At a rough estimate, fully half the woody plantings in the pleasure garden were dead—and another quarter might as well be. The ornamental pond’s freshwater source had been blocked by the fire’s debris and now it sat stagnant. The gardeners Asa had hired for him were an unskilled lot. To top it off, the spring rains had turned what remained of Harte’s Folly into a muddy morass, making planting and earth moving impossible until the ground dried out.
And now there was a strange female in his garden.
Apollo stared into huge lichen-green eyes lined with lashes so dark and thick that they looked like smudged soot. The woman—girl? She wasn’t that tall, but a swift glance at he
r bodice assured him she was quite mature, thank you—was only a slim bit of a thing, dressed foolishly in a green velvet gown, richly over-embroidered in red and gold. She hadn’t even a bonnet on. Her dark hair slipped from a messy knot at the back of her neck, waving strands blowing against her pinkened cheeks. Actually, she was rather pretty in a gamine sort of way.

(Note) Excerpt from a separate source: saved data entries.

lemma CSH_cover:
  assumes C: "C \<in> CSH n" and D: "D \<in> CSH n" and CD: "cs_le n C D" "C \<noteq> D"
  shows "\<exists>E\<in>CSH n. cs_le n C E \<and> cs_le n E D \<and> entry_sum n E = entry_sum n C - 1"
proof -
  obtain a b c where abc: "a \<in> {1..<n}" "b \<in> {1..<n}" "c \<in> {1..<n}" and DC: "D a b c < C a b c"
    and max_abc: "\<And>i j k. i \<le> n \<Longrightarrow> j \<le> n \<Longrightarrow> k \<le> n \<Longrightarrow> D i j k < C i j k \<Longrightarrow>
      int n * C i j k - int i * int j * int k \<le> int n * C a b c - int a * int b * int c"
    using max_potential_entry[OF assms] by blast
  have abc_le: "a \<le> n" "b \<le> n" "c \<le> n" using abc by auto
  note D_steps = CSH_steps[OF D]
  have slack3: "max 0 (int a + int b - int n) < C a b c - C a b (c - 1)"
    "C a b (c + 1) - C a b c < min (int a) (int b)"
    using line_slack[of a n b c "\<lambda>k. D a b k" "\<lambda>k. C a b k"] abc DC
      D_steps(1)[of a b c] D_steps(1)[of a b "c + 1"] max_abc[of a b] abc_le by auto
  have slack2: "max 0 (int a + int c - int n) < C a b c - C a (b - 1) c"
    "C a (b + 1) c - C a b c < min (int a) (int c)"
    using line_slack[of a n c b "\<lambda>k. D a k c" "\<lambda>k. C a k c"] abc DC
      D_steps(2)[of a c b] D_steps(2)[of a c "b + 1"] max_abc[of a _ c] abc_le
    by (auto simp: ac_simps)
  have slack1: "max 0 (int b + int c - int n) < C a b c - C (a - 1) b c"
    "C (a + 1) b c - C a b c < min (int b) (int c)"
    using line_slack[of b n c a "\<lambda>k. D k b c" "\<lambda>k. C k b c"] abc DC
      D_steps(3)[of b c a] D_steps(3)[of b c "a + 1"] max_abc[of _ b c] abc_le
    by (auto simp: ac_simps)
  define E where "E i j k = C i j k - of_bool (i = a \<and> j = b \<and> k = c)" for i j k
  have "E \<in> CSH n"
    using CSH_decrement[OF C abc slack3 slack2 slack1] unfolding E_def by simp
  moreover have "cs_le n C E" "cs_le n E D"
    using CD(1) DC unfolding cs_le_def E_def by auto
  moreover have "entry_sum n E = entry_sum n C - 1"
  proof -
    have "entry_sum n E = entry_sum n C - (\<Sum>p \<in> {..n} \<times> {..n} \<times> {..n}. of_bool (p = (a, b, c)))"
      unfolding entry_sum_def E_def sum_subtractf[symmetric] by (intro sum.cong) auto
    also have "(\<Sum>p \<in> {..n} \<times> {..n} \<times> {..n}. of_bool (p = (a, b, c))) = (1::int)"
      using abc_le by (simp add: of_bool_def sum.delta)
    finally show ?thesis .
  qed
  ultimately show ?thesis by blast
qed

lemma graded_order_CSH: "graded_order (CSH n) (cs_le n) (\<lambda>X. - entry_sum n X)"
proof
  fix X Y assume "X \<in> CSH n" "Y \<in> CSH n" "cs_le n X Y" "X \<noteq> Y"
  then obtain Z where "Z \<in> CSH n" "cs_le n X Z" "cs_le n Z Y" "entry_sum n Z = entry_sum n X - 1"
    using CSH_cover by blast
  then show "\<exists>Z\<in>CSH n. cs_le n X Z \<and> cs_le n Z Y \<and> - entry_sum n Z = - entry_sum n X + 1"
    by auto
qed (auto intro: cs_le_refl cs_le_trans entry_sum_strict_antimono)

lemma maximal_chain_CSH: "maximal_chain n = graded_order.maximal_chain (CSH n) (cs_le n)"
  using graded_order_CSH[of n]
  by (intro ext) (simp add: maximal_chain_def graded_order.maximal_chain_def is_chain_def
      graded_order.chain_def cs_interval_def graded_order.interval_def)

section \<open>The entry sum as a weighted sum of the L values\<close>

lemma sum_diff_telescope:
  fixes g :: "nat \<Rightarrow> int"
  shows "(\<Sum>k=1..n. g k - g (k - 1)) = g n - g 0"
  by (induction n) simp_all

lemma sum_weighted_diff:
  fixes g :: "nat \<Rightarrow> int"
  shows "(\<Sum>i=1..n. (int n - int i + 1) * (g i - g (i - 1))) = (\<Sum>i=1..n. g i) - int n * g 0"
proof (induction n)
  case (Suc n)
  have "(\<Sum>i=1..Suc n. (int (Suc n) - int i + 1) * (g i - g (i - 1)))
      = (\<Sum>i=1..Suc n. (int n - int i + 1) * (g i - g (i - 1))) + (\<Sum>i=1..Suc n. g i - g (i - 1))"
    by (simp add: sum.distrib[symmetric] algebra_simps)
  also have "\<dots> = (\<Sum>i=1..n. (int n - int i + 1) * (g i - g (i - 1))) + (g (Suc n) - g 0)"
    unfolding sum_diff_telescope by simp
  finally show ?case using Suc by (simp add: algebra_simps)
qed simp

text \<open>The weight (n - i + 1) (n - j + 1) (n - k + 1) counts the (a, b, c) \<in> [1, n]^3 above
  (i, j, k), and C is the corner sum of Xi_inv C.\<close>
lemma sum_weighted_Xi_inv:
  fixes C :: hypermatrix
  assumes faces: "\<And>i j. i \<le> n \<Longrightarrow> j \<le> n \<Longrightarrow> C i j 0 = 0 \<and> C i 0 j = 0 \<and> C 0 i j = 0"
  shows "(\<Sum>i=1..n. \<Sum>j=1..n. \<Sum>k=1..n.
            (int n - int i + 1) * (int n - int j + 1) * (int n - int k + 1) * Xi_inv C i j k)
       = (\<Sum>i=1..n. \<Sum>j=1..n. \<Sum>k=1..n. C i j k)"
proof -
  define W where "W i = int n - int i + 1" for i
  define F where "F i j k = C i j k - C (i - 1) j k" for i j k
  define G where "G i j k = F i j k - F i (j - 1) k" for i j k
  have k_sum: "(\<Sum>k=1..n. W k * Xi_inv C i j k) = (\<Sum>k=1..n. G i j k)" if "i \<le> n" "j \<le> n" for i j
  proof -
    have "Xi_inv C i j k = G i j k - G i j (k - 1)" for k
      unfolding Xi_inv_def G_def F_def by simp
    moreover have "G i j 0 = 0" using faces that unfolding G_def F_def by simp
    ultimately show ?thesis
      unfolding W_def using sum_weighted_diff[of n "G i j"] by simp
  qed
  have j_sum: "(\<Sum>j=1..n. W j * G i j k) = (\<Sum>j=1..n. F i j k)" if "i \<le> n" "k \<le> n" for i k
    using faces that sum_weighted_diff[of n "\<lambda>j. F i j k"] unfolding W_def G_def F_def by simp
  have i_sum: "(\<Sum>i=1..n. W i * F i j k) = (\<Sum>i=1..n. C i j k)" if "j \<le> n" "k \<le> n" for j k
    using faces that sum_weighted_diff[of n "\<lambda>i. C i j k"] unfolding W_def F_def by simp
  have swap: "(\<Sum>j\<in>A. a j * (\<Sum>k\<in>B. b j k)) = (\<Sum>k\<in>B. \<Sum>j\<in>A. a j * b j k)"
    for A B :: "nat set" and a :: "nat \<Rightarrow> int" and b
    by (simp add: sum_distrib_left) (rule sum.swap)
  have "(\<Sum>i=1..n. \<Sum>j=1..n. \<Sum>k=1..n. W i * W j * W k * Xi_inv C i j k)
      = (\<Sum>i=1..n. W i * (\<Sum>j=1..n. W j * (\<Sum>k=1..n. W k * Xi_inv C i j k)))"
    by (simp add: sum_distrib_left mult.assoc)
  also have "\<dots> = (\<Sum>i=1..n. W i * (\<Sum>j=1..n. W j * (\<Sum>k=1..n. G i j k)))"
    using k_sum by simp
  also have "\<dots> = (\<Sum>i=1..n. W i * (\<Sum>k=1..n. \<Sum>j=1..n. W j * G i j k))"
    by (simp only: swap)
  also have "\<dots> = (\<Sum>i=1..n. W i * (\<Sum>k=1..n. \<Sum>j=1..n. F i j k))"
    using j_sum by simp
  also have "\<dots> = (\<Sum>k=1..n. \<Sum>j=1..n. \<Sum>i=1..n. W i * F i j k)"
    by (simp only: swap)
  also have "\<dots> = (\<Sum>k=1..n. \<Sum>j=1..n. \<Sum>i=1..n. C i j k)"
    using i_sum by simp
  also have "\<dots> = (\<Sum>k=1..n. \<Sum>i=1..n. \<Sum>j=1..n. C i j k)"
    by (intro sum.cong refl sum.swap)
  also have "\<dots> = (\<Sum>i=1..n. \<Sum>k=1..n. \<Sum>j=1..n. C i j k)"
    by (rule sum.swap)
  also have "\<dots> = (\<Sum>i=1..n. \<Sum>j=1..n. \<Sum>k=1..n. C i j k)"
    by (intro sum.cong refl sum.swap)
  finally show ?thesis unfolding W_def .
qed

But that was beside the point.
Where in hell had she come from? As far as he knew, the only other people in the ruined pleasure garden were the brace of so-called gardeners presently working on the hedges behind the pond. He’d been taking out his frustration alone on the dead tree stump, trying to uproot the thing by hand since their only dray horse was at work with the other men, when he’d heard a feminine voice calling and she’d suddenly appeared.
The woman blinked and her gaze darted to his upraised arm.
Apollo’s own eyes followed and he winced. He’d instinctively raised his hand as he turned to her, and the pruning knife he held might be construed as threatening.
Hastily he lowered his arm. Which left him standing in his mud-stained shirt and waistcoat, sweaty and stinking, and feeling like a dumb ox next to her delicate femininity.
But apparently his action reassured her. She drew herself up—not that it made much difference to her height. “Who are you?”
Well, he’d like to ask the same of her but, alas, he really couldn’t, thanks to that last beating in Bedlam.
Belatedly he remembered that he was supposed to be a simple laborer. He tugged at a forelock and dropped his gaze—to elegantly embroidered slippers caked in mud.
Who was this woman?
“Tell me now,” she said rather imperiously, considering she was standing in three inches of mud. “Who are you and what are you doing here?”
He glanced at her face—eyebrows arched, a plush rose lower lip caught between her teeth—and cast his eyes down again. He tapped his throat and shook his head. If she didn’t get that message she was a lot stupider than she looked.
“Oh,” he heard as he stared at her shoes. “Oh, I didn’t realize.” She had a husky voice, which gentled when he lowered his gaze. “Well, it doesn’t matter. You can’t stay here, you must understand.”